1. Academic Validation
  2. Catecholaminergic polymorphic ventricular tachycardia

Catecholaminergic polymorphic ventricular tachycardia

  • Herz. 2007 May;32(3):212-7. doi: 10.1007/s00059-007-2975-2.
Nian Liu 1 Barbara Colombi Emilia V Raytcheva-Buono Raffaella Bloise Silvia G Priori
Affiliations

Affiliation

  • 1 Molecular Cardiology, Fondazione Salvatore Maugeri, Pavia, Italy.
Abstract

Catecholaminergic polymorphic ventricular tachycardia (CPVT) is a highly lethal form of inherited arrhythmogenic disease characterized by adrenergically mediated polymorphic ventricular tachycardia. The mutations in cardiac ryanodine receptor and calsequestrin genes are responsible for the autosomal dominant and recessive variants of CPVT, respectively.
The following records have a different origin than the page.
(* Let $\mathsf V$ be a variety, $h:\mathbf F_{\mathsf V}(z)\to\prod_{k=1}^m\mathbf E_k$ an algebraic e-generalization problem, and $\theta$ a congruence of $\mathbf F_{\mathsf V}(z)$. Then: (1) if $\theta\in\mathscr G(h)$, then $\theta$ is exact and $\theta\subseteq\ker(h)$; (2) if $\theta$ is projective and $\theta\subseteq\ker(h)$, then $\theta\in\mathscr G(h)$.
   Context: $\mathbf F_{\mathsf V}(z)$ is the free algebra of the variety $\mathsf V$ on one generator $z$. An algebra is projective in $\mathsf V$ iff it is a retract of a free algebra of $\mathsf V$ (there are homomorphisms $i:\mathbf P\to\mathbf F_{\mathsf V}(Y)$, $j:\mathbf F_{\mathsf V}(Y)\to\mathbf P$ with $j\circ i=\mathrm{id}$); it is exact in $\mathsf V$ if isomorphic to a finitely generated subalgebra of a finitely generated free algebra of $\mathsf V$. A congruence $\theta$ of $\mathbf F_{\mathsf V}(z)$ is exact (resp. projective) if $\mathbf F_{\mathsf V}(z)/\theta$ is exact (resp. projective) in $\mathsf V$. An algebraic e-generalization problem is a homomorphism $h:\mathbf F_{\mathsf V}(z)\to\prod_{k=1}^m\mathbf E_k$ with each $\mathbf E_k$ a 1-generated exact algebra and $p_k\circ h$ surjective for each projection $p_k$. A solution of $h$ is a homomorphism $g:\mathbf F_{\mathsf V}(z)\to\mathbf P$ with $\mathbf P$ finitely generated and projective in $\mathsf V$ such that $f\circ g=h$ for some homomorphism $f:\mathbf P\to\prod_k\mathbf E_k$. $\ker(g)=\{(a,a'):g(a)=g(a')\}$. $\mathscr G(h)$ is the set of G-congruences of $h$, i.e. $\{\ker(g): g \text{ a solution of } h\}$. *)

theory Defs
  imports Main
begin

record ('f, 'a) alg =
  carrier :: "'a set"
  ops :: "'f \<Rightarrow> 'a list \<Rightarrow> 'a"

definition algebra :: "('f \<Rightarrow> nat) \<Rightarrow> ('f, 'a) alg \<Rightarrow> bool" where
  "algebra ar A \<longleftrightarrow>
     (\<forall>f xs. length xs = ar f \<and> set xs \<subseteq> carrier A \<longrightarrow> ops A f xs \<in> carrier A)"

definition hom :: "('f \<Rightarrow> nat) \<Rightarrow> ('f, 'a) alg \<Rightarrow> ('f, 'b) alg \<Rightarrow> ('a \<Rightarrow> 'b) \<Rightarrow> bool" where
  "hom ar A B h \<longleftrightarrow>
     (\<forall>x\<in>carrier A. h x \<in> carrier B) \<and>
     (\<forall>f xs. length xs = ar f \<and> set xs \<subseteq> carrier A \<longrightarrow> h (ops A f xs) = ops B f (map h xs))"

definition iso :: "('f \<Rightarrow> nat) \<Rightarrow> ('f, 'a) alg \<Rightarrow> ('f, 'b) alg \<Rightarrow> bool" where
  "iso ar A B \<longleftrightarrow> (\<exists>\<phi>. hom ar A B \<phi> \<and> bij_betw \<phi> (carrier A) (carrier B))"

definition closed :: "('f \<Rightarrow> nat) \<Rightarrow> ('f, 'a) alg \<Rightarrow> 'a set \<Rightarrow> bool" where
  "closed ar A S \<longleftrightarrow> (\<forall>f xs. length xs = ar f \<and> set xs \<subseteq> S \<longrightarrow> ops A f xs \<in> S)"

definition Sg :: "('f \<Rightarrow> nat) \<Rightarrow> ('f, 'a) alg \<Rightarrow> 'a set \<Rightarrow> 'a set" where
  "Sg ar A X = \<Inter>{S. X \<subseteq> S \<and> S \<subseteq> carrier A \<and> closed ar A S}"

definition subalg :: "('f, 'a) alg \<Rightarrow> 'a set \<Rightarrow> ('f, 'a) alg" where
  "subalg A S = \<lparr>carrier = S, ops = ops A\<rparr>"

definition fin_gen :: "('f \<Rightarrow> nat) \<Rightarrow> ('f, 'a) alg \<Rightarrow> bool" where
  "fin_gen ar A \<longleftrightarrow> (\<exists>X. finite X \<and> X \<subseteq> carrier A \<and> Sg ar A X = carrier A)"

definition one_gen :: "('f \<Rightarrow> nat) \<Rightarrow> ('f, 'a) alg \<Rightarrow> bool" where
  "one_gen ar A \<longleftrightarrow> (\<exists>a\<in>carrier A. Sg ar A {a} = carrier A)"

definition congruence :: "('f \<Rightarrow> nat) \<Rightarrow> ('f, 'a) alg \<Rightarrow> ('a \<times> 'a) set \<Rightarrow> bool" where
  "congruence ar A \<theta> \<longleftrightarrow> equiv (carrier A) \<theta> \<and>
     (\<forall>f xs ys. length xs = ar f \<and> list_all2 (\<lambda>x y. (x, y) \<in> \<theta>) xs ys
        \<longrightarrow> (ops A f xs, ops A f ys) \<in> \<theta>)"

definition quot_alg :: "('f, 'a) alg \<Rightarrow> ('a \<times> 'a) set \<Rightarrow> ('f, 'a set) alg" where
  "quot_alg A \<theta> = \<lparr>carrier = carrier A // \<theta>,
     ops = (\<lambda>f Xs. \<theta> `` {ops A f (map (\<lambda>X. SOME x. x \<in> X) Xs)})\<rparr>"

definition ker :: "('f, 'a) alg \<Rightarrow> ('a \<Rightarrow> 'b) \<Rightarrow> ('a \<times> 'a) set" where
  "ker A g = {(a, a'). a \<in> carrier A \<and> a' \<in> carrier A \<and> g a = g a'}"

text \<open>Product of the algebras E 0, ..., E (m-1) (indices shifted from 1..m to 0..m-1),
  with extensional tuples.\<close>
definition prod_alg :: "nat \<Rightarrow> (nat \<Rightarrow> ('f, 'e) alg) \<Rightarrow> ('f, nat \<Rightarrow> 'e) alg" where
  "prod_alg m E = \<lparr>carrier = {x. (\<forall>k<m. x k \<in> carrier (E k)) \<and> (\<forall>k\<ge>m. x k = undefined)},
     ops = (\<lambda>f xs k. if k < m then ops (E k) f (map (\<lambda>x. x k) xs) else undefined)\<rparr>"

datatype ('f, 'v) trm = Var 'v | Fn 'f "('f, 'v) trm list"

fun wf_trm :: "('f \<Rightarrow> nat) \<Rightarrow> ('f, 'v) trm \<Rightarrow> bool" where
  "wf_trm ar (Var v) = True"
| "wf_trm ar (Fn f ts) = (length ts = ar f \<and> (\<forall>t\<in>set ts. wf_trm ar t))"

fun vars :: "('f, 'v) trm \<Rightarrow> 'v set" where
  "vars (Var v) = {v}"
| "vars (Fn f ts) = (\<Union>t\<in>set ts. vars t)"

fun subst :: "('v \<Rightarrow> ('f, 'w) trm) \<Rightarrow> ('f, 'v) trm \<Rightarrow> ('f, 'w) trm" where
  "subst \<sigma> (Var v) = \<sigma> v"
| "subst \<sigma> (Fn f ts) = Fn f (map (subst \<sigma>) ts)"

text \<open>A variety is given (Birkhoff) by a set of identities over the signature ar.\<close>
definition variety :: "('f \<Rightarrow> nat) \<Rightarrow> (('f, nat) trm \<times> ('f, nat) trm) set \<Rightarrow> bool" where
  "variety ar Eqs \<longleftrightarrow> (\<forall>(s, t)\<in>Eqs. wf_trm ar s \<and> wf_trm ar t)"

inductive eqcons :: "('f \<Rightarrow> nat) \<Rightarrow> (('f, nat) trm \<times> ('f, nat) trm) set
    \<Rightarrow> ('f, 'v) trm \<Rightarrow> ('f, 'v) trm \<Rightarrow> bool"
  for ar Eqs where
  ax: "(s, t) \<in> Eqs \<Longrightarrow> (\<forall>v. wf_trm ar (\<sigma> v)) \<Longrightarrow> eqcons ar Eqs (subst \<sigma> s) (subst \<sigma> t)"
| refl: "wf_trm ar t \<Longrightarrow> eqcons ar Eqs t t"
| sym: "eqcons ar Eqs s t \<Longrightarrow> eqcons ar Eqs t s"
| trans: "eqcons ar Eqs s t \<Longrightarrow> eqcons ar Eqs t u \<Longrightarrow> eqcons ar Eqs s u"
| cong: "length ss = ar f \<Longrightarrow> list_all2 (eqcons ar Eqs) ss ts \<Longrightarrow> eqcons ar Eqs (Fn f ss) (Fn f ts)"

definition free_terms :: "('f \<Rightarrow> nat) \<Rightarrow> 'v set \<Rightarrow> ('f, 'v) trm set" where
  "free_terms ar Y = {t. wf_trm ar t \<and> vars t \<subseteq> Y}"

definition fclass :: "('f \<Rightarrow> nat) \<Rightarrow> (('f, nat) trm \<times> ('f, nat) trm) set \<Rightarrow> 'v set
    \<Rightarrow> ('f, 'v) trm \<Rightarrow> ('f, 'v) trm set" where
  "fclass ar Eqs Y t = {s \<in> free_terms ar Y. eqcons ar Eqs s t}"

definition free_alg :: "('f \<Rightarrow> nat) \<Rightarrow> (('f, nat) trm \<times> ('f, nat) trm) set \<Rightarrow> 'v set
    \<Rightarrow> ('f, ('f, 'v) trm set) alg" where
  "free_alg ar Eqs Y = \<lparr>carrier = fclass ar Eqs Y ` free_terms ar Y,
     ops = (\<lambda>f cs. fclass ar Eqs Y (Fn f (map (\<lambda>c. SOME t. t \<in> c) cs)))\<rparr>"

text \<open>F_V(z): free algebra on one generator (the unique element of type unit).\<close>
definition Fz :: "('f \<Rightarrow> nat) \<Rightarrow> (('f, nat) trm \<times> ('f, nat) trm) set \<Rightarrow> ('f, ('f, unit) trm set) alg" where
  "Fz ar Eqs = free_alg ar Eqs (UNIV :: unit set)"

definition exact :: "('f \<Rightarrow> nat) \<Rightarrow> (('f, nat) trm \<times> ('f, nat) trm) set \<Rightarrow> ('f, 'a) alg \<Rightarrow> bool" where
  "exact ar Eqs E \<longleftrightarrow> algebra ar E \<and>
     (\<exists>(Y :: nat set) X. finite Y \<and> finite X \<and> X \<subseteq> carrier (free_alg ar Eqs Y) \<and>
        iso ar E (subalg (free_alg ar Eqs Y) (Sg ar (free_alg ar Eqs Y) X)))"

text \<open>Retract of a free algebra; generators range over sets of the carrier type of P
  (which suffices: a projective P is a retract of F_V(carrier P)).\<close>
definition projective :: "('f \<Rightarrow> nat) \<Rightarrow> (('f, nat) trm \<times> ('f, nat) trm) set \<Rightarrow> ('f, 'a) alg \<Rightarrow> bool" where
  "projective ar Eqs P \<longleftrightarrow> algebra ar P \<and>
     (\<exists>(Y :: 'a set) i j. hom ar P (free_alg ar Eqs Y) i \<and> hom ar (free_alg ar Eqs Y) P j \<and>
        (\<forall>x\<in>carrier P. j (i x) = x))"

definition exact_cong :: "('f \<Rightarrow> nat) \<Rightarrow> (('f, nat) trm \<times> ('f, nat) trm) set
    \<Rightarrow> (('f, unit) trm set \<times> ('f, unit) trm set) set \<Rightarrow> bool" where
  "exact_cong ar Eqs \<theta> \<longleftrightarrow> exact ar Eqs (quot_alg (Fz ar Eqs) \<theta>)"

definition projective_cong :: "('f \<Rightarrow> nat) \<Rightarrow> (('f, nat) trm \<times> ('f, nat) trm) set
    \<Rightarrow> (('f, unit) trm set \<times> ('f, unit) trm set) set \<Rightarrow> bool" where
  "projective_cong ar Eqs \<theta> \<longleftrightarrow> projective ar Eqs (quot_alg (Fz ar Eqs) \<theta>)"

definition egen_problem :: "('f \<Rightarrow> nat) \<Rightarrow> (('f, nat) trm \<times> ('f, nat) trm) set \<Rightarrow> nat
    \<Rightarrow> (nat \<Rightarrow> ('f, 'e) alg) \<Rightarrow> (('f, unit) trm set \<Rightarrow> nat \<Rightarrow> 'e) \<Rightarrow> bool" where
  "egen_problem ar Eqs m E h \<longleftrightarrow>
     (\<forall>k<m. one_gen ar (E k) \<and> exact ar Eqs (E k)) \<and>
     hom ar (Fz ar Eqs) (prod_alg m E) h \<and>
     (\<forall>k<m. (\<lambda>x. h x k) ` carrier (Fz ar Eqs) = carrier (E k))"

text \<open>Solutions: the projective algebra P is taken (up to isomorphism) with carrier in the
  type of elements of free algebras over countably many variables.\<close>
definition solution :: "('f \<Rightarrow> nat) \<Rightarrow> (('f, nat) trm \<times> ('f, nat) trm) set \<Rightarrow> nat
    \<Rightarrow> (nat \<Rightarrow> ('f, 'e) alg) \<Rightarrow> (('f, unit) trm set \<Rightarrow> nat \<Rightarrow> 'e)
    \<Rightarrow> (('f, unit) trm set \<Rightarrow> ('f, nat) trm set) \<Rightarrow> ('f, ('f, nat) trm set) alg \<Rightarrow> bool" where
  "solution ar Eqs m E h g P \<longleftrightarrow>
     fin_gen ar P \<and> projective ar Eqs P \<and> hom ar (Fz ar Eqs) P g \<and>
     (\<exists>f. hom ar P (prod_alg m E) f \<and> (\<forall>x\<in>carrier (Fz ar Eqs). f (g x) = h x))"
The clinical presentation encompasses exercise- or emotion-induced syncopal events and a distinctive pattern of reproducible, stress-related, bidirectional ventricular tachycardia in the absence of both structural heart disease and a prolonged QT interval. The mortality rate in untreated individuals is 30-50% by age 40. Clinical evaluation by exercise stress testing and holter monitoring and genetic screening can facilitate early diagnosis. beta-adrenergic blockers are the most effective pharmacological treatment in controlling arrhythmias in CPVT patients, yet about 30% of patients still experience cardiac arrhythmias and eventually require an implantable cardioverter defibrillator.